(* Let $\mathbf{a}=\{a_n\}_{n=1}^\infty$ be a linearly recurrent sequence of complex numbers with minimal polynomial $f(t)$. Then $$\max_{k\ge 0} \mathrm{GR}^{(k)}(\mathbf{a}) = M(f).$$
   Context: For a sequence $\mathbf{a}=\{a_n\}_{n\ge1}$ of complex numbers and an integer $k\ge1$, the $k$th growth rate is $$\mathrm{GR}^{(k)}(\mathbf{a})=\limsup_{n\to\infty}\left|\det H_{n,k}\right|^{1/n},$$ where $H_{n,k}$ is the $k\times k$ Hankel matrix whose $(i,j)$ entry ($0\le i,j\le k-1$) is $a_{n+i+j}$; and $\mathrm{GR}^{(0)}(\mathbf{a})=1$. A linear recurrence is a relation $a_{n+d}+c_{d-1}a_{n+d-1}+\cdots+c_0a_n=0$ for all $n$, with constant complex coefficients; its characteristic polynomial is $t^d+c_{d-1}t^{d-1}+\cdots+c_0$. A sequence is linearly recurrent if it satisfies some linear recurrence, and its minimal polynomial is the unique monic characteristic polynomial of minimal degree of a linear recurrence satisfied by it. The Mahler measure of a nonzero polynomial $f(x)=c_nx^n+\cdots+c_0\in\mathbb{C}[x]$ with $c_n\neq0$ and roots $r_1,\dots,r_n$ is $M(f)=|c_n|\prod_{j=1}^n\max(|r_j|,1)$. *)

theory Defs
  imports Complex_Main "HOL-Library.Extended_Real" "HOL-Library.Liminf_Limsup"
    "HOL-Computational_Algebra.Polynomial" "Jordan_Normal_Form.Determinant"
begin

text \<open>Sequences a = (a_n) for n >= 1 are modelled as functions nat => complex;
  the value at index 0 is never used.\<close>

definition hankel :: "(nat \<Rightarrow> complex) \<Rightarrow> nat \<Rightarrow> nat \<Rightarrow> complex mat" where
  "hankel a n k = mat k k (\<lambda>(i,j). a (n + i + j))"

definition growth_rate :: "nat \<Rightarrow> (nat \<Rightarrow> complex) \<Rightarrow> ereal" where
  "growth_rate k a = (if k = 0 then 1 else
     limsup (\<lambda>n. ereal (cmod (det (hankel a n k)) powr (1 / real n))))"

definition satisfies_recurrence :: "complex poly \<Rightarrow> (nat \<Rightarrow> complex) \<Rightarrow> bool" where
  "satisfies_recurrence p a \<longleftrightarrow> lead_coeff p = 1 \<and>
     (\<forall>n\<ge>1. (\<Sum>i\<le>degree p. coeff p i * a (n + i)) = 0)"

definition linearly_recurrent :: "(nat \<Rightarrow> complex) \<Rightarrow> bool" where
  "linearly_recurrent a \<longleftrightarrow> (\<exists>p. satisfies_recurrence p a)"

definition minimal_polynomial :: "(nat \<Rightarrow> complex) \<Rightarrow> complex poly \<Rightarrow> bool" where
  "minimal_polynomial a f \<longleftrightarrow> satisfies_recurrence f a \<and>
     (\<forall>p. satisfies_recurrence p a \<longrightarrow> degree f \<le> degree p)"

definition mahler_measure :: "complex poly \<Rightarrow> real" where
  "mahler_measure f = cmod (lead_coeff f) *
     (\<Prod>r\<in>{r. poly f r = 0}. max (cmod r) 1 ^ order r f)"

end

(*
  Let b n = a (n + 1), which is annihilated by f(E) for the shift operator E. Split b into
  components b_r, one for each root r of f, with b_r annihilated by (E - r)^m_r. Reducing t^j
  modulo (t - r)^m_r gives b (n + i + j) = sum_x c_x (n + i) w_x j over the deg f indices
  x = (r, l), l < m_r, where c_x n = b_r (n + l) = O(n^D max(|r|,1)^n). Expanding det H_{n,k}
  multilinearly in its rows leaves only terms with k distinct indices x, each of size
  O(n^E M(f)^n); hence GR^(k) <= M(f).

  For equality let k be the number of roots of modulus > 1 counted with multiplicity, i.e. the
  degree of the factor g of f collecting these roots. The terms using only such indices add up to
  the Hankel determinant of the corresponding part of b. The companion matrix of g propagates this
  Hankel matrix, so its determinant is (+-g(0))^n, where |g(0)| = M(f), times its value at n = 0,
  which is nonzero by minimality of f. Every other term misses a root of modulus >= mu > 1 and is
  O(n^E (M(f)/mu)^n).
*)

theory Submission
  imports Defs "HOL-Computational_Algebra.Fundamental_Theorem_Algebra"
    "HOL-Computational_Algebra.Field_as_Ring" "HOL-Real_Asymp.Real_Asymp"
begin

★ ★ ★

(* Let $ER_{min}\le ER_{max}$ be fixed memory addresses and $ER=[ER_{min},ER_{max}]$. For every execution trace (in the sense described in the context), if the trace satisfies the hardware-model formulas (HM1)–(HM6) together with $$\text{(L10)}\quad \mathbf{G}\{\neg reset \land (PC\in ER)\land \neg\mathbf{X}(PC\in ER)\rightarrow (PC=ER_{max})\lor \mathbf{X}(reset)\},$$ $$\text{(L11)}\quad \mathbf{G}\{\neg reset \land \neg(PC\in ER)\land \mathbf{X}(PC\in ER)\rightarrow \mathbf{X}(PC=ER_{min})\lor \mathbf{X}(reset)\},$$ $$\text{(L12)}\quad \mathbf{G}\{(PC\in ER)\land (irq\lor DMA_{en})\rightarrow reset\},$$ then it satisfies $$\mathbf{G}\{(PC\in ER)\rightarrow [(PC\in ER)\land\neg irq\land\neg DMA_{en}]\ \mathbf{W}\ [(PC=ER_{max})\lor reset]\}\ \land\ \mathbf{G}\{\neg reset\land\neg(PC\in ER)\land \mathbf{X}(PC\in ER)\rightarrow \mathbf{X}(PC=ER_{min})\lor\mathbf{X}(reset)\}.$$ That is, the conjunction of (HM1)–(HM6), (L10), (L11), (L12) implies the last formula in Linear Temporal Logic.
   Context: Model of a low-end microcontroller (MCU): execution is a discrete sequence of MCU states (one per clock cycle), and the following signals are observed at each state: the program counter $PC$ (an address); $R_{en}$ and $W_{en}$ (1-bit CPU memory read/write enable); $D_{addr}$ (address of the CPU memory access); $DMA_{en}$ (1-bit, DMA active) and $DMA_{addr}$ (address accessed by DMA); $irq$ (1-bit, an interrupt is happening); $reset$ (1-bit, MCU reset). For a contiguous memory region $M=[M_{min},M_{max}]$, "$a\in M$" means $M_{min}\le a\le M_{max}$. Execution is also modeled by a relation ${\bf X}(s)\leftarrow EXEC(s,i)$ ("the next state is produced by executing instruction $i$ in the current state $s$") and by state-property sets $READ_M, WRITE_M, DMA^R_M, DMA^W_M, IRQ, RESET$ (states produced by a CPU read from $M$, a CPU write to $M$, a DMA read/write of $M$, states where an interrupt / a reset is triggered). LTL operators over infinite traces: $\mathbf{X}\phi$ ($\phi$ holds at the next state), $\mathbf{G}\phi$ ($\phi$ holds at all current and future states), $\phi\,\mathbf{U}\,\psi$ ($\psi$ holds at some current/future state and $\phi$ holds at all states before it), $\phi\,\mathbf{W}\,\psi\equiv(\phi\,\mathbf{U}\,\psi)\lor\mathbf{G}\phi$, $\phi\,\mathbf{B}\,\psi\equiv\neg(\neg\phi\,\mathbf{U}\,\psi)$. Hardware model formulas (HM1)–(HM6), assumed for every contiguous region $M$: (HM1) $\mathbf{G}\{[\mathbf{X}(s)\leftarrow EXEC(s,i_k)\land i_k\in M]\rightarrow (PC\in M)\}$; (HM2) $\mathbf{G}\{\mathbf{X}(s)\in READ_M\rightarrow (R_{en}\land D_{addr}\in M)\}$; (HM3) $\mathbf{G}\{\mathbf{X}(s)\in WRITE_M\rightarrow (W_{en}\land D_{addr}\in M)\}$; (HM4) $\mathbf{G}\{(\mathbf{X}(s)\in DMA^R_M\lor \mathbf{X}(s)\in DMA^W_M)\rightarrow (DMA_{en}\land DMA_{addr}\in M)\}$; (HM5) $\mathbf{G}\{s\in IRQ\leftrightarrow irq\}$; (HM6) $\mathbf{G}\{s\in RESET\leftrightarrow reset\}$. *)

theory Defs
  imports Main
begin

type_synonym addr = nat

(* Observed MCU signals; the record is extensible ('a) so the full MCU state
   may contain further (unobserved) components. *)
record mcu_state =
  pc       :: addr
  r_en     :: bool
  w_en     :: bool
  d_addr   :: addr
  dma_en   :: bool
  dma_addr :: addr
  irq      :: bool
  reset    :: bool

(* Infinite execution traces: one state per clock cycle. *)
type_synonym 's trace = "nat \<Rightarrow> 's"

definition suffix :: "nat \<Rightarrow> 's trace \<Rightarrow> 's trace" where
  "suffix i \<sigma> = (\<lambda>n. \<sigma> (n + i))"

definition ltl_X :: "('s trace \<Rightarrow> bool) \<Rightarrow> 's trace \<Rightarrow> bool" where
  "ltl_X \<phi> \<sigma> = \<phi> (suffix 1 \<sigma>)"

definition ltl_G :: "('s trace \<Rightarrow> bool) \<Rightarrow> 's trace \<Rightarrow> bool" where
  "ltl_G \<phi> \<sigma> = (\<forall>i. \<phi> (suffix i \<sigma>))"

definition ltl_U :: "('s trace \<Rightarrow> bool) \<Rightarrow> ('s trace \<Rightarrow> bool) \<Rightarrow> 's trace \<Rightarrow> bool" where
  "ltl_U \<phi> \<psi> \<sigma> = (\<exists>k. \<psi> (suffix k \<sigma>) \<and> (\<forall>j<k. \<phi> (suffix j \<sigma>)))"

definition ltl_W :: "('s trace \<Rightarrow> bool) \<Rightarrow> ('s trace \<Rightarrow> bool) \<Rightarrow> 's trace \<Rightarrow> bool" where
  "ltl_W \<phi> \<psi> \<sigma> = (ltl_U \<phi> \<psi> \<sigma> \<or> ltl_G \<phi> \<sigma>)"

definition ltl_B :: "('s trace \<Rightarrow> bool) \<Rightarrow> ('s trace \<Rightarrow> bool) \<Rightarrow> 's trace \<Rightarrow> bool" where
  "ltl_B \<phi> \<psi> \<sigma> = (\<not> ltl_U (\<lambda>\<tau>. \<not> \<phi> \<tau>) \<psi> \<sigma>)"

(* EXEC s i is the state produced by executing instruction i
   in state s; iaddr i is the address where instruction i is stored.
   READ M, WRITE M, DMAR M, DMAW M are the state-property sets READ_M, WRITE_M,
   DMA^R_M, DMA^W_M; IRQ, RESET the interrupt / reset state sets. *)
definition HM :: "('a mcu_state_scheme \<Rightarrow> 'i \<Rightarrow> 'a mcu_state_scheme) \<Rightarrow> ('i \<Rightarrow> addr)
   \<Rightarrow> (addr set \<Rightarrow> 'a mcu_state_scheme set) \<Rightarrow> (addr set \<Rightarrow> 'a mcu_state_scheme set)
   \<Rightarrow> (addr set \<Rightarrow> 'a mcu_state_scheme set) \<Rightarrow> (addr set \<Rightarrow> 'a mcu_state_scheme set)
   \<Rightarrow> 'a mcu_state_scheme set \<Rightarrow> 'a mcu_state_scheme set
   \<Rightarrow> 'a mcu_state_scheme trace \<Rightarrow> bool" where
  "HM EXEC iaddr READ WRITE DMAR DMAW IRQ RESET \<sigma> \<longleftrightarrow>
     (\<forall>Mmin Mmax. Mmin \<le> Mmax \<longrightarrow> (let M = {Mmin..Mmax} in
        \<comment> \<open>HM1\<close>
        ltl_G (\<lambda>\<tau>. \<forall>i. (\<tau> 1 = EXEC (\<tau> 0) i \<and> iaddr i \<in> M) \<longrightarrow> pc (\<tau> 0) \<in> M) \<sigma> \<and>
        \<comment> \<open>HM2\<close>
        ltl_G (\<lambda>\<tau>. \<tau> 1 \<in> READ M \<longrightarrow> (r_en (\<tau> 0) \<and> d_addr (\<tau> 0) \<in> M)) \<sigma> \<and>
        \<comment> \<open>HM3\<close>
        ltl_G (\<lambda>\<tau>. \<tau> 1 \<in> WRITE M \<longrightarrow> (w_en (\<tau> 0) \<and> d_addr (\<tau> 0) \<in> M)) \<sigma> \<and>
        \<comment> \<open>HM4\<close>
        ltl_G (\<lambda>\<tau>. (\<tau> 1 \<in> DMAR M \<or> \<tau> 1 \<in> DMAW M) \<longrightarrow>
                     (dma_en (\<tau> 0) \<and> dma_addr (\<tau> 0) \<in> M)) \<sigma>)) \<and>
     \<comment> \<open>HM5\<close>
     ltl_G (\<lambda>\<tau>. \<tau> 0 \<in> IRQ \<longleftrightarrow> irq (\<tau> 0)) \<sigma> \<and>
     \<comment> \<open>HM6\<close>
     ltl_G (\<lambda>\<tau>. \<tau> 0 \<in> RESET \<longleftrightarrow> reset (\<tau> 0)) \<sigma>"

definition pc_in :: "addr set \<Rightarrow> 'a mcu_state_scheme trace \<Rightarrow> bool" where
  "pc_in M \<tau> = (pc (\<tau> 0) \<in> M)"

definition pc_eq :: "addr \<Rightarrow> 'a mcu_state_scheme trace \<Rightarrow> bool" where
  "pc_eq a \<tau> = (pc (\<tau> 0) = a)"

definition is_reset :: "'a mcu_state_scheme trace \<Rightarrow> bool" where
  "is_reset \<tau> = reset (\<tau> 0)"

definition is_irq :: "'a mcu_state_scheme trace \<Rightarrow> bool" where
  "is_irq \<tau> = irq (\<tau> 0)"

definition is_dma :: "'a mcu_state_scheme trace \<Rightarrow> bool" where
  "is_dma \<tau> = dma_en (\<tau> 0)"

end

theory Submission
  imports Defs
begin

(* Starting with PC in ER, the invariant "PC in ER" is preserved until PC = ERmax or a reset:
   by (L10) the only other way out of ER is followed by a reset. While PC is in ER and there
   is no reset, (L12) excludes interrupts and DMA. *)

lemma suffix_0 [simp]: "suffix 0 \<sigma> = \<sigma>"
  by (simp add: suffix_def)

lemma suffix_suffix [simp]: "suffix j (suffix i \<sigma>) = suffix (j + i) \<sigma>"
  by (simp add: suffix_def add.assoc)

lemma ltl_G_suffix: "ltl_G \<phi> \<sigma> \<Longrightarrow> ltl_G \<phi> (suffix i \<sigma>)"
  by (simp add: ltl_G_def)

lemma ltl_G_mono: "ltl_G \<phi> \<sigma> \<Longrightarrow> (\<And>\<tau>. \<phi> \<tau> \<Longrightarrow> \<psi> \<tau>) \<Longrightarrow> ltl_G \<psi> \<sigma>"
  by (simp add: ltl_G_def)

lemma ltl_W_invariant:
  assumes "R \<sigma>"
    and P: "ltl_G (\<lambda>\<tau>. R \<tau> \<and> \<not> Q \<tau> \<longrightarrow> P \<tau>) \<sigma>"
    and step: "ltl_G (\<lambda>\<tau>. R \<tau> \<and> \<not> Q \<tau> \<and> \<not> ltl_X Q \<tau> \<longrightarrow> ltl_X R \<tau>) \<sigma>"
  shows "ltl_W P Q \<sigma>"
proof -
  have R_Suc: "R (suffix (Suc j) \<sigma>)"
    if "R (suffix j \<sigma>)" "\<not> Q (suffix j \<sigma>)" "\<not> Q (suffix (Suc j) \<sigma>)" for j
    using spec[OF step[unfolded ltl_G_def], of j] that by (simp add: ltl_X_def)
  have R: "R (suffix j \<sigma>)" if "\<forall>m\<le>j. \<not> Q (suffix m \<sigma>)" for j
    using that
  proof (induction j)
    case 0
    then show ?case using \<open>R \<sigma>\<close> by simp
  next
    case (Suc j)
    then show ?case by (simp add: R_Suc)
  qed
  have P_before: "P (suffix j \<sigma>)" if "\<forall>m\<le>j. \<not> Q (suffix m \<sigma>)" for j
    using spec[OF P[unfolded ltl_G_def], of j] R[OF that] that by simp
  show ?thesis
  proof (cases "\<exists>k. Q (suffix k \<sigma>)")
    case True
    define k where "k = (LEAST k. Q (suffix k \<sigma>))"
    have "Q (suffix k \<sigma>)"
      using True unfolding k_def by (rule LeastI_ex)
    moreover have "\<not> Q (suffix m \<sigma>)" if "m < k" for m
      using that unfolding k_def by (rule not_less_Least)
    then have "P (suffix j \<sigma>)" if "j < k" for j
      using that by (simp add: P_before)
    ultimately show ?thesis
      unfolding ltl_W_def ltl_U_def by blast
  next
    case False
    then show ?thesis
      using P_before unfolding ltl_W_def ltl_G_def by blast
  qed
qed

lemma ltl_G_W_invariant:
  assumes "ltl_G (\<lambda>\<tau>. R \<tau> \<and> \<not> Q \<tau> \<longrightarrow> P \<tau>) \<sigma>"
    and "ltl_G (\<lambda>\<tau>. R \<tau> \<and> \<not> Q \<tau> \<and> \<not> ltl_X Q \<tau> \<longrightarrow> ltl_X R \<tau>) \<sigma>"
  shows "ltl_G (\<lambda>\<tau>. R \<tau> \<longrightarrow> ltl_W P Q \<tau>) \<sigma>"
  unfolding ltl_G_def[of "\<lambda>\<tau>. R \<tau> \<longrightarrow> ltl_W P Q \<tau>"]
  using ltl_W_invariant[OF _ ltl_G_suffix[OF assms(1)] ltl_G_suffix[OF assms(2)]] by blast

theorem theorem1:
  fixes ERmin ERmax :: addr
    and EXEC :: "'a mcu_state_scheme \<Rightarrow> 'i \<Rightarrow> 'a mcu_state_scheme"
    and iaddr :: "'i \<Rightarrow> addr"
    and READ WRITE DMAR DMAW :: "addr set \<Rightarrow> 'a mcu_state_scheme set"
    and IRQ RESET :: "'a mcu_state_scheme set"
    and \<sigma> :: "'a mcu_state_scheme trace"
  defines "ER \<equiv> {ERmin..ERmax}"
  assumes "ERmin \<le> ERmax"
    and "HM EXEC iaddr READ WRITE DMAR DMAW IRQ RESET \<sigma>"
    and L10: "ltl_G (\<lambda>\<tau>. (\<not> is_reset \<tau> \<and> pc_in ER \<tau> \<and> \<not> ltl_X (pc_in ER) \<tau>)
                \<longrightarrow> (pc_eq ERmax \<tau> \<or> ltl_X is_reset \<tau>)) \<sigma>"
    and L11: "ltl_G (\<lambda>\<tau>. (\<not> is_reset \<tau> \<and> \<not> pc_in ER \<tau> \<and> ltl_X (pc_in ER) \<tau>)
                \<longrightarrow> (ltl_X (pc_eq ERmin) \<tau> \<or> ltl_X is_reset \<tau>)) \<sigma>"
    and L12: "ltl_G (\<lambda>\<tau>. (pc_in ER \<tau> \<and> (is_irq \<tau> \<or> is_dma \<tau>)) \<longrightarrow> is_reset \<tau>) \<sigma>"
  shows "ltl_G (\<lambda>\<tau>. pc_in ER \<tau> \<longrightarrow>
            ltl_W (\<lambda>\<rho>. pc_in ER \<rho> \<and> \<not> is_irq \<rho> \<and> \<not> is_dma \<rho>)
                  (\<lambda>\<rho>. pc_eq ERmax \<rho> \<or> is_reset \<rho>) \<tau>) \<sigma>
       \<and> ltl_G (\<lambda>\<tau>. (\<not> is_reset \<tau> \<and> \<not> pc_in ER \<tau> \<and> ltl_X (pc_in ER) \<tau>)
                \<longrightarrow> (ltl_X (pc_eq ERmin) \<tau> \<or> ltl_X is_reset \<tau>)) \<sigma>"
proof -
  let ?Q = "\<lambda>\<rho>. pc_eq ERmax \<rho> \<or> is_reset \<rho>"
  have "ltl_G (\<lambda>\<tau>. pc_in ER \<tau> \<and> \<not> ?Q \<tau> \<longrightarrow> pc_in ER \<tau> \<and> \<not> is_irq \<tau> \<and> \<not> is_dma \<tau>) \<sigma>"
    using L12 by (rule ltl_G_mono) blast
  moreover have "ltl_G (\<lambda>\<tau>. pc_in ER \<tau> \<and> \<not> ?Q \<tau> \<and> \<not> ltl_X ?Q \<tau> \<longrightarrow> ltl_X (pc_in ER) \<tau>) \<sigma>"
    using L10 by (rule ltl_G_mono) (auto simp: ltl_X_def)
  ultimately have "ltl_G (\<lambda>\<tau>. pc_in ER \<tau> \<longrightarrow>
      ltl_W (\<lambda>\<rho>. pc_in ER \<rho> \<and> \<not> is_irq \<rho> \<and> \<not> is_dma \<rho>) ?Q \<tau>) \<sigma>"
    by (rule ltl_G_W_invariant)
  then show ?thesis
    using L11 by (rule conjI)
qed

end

★ ★ ★

** YOUR ASSIGNMENT **
Please give the number of lines in the entries that contain the word "unfolding", and nothing besides it.

** WRITTEN ANSWER **
5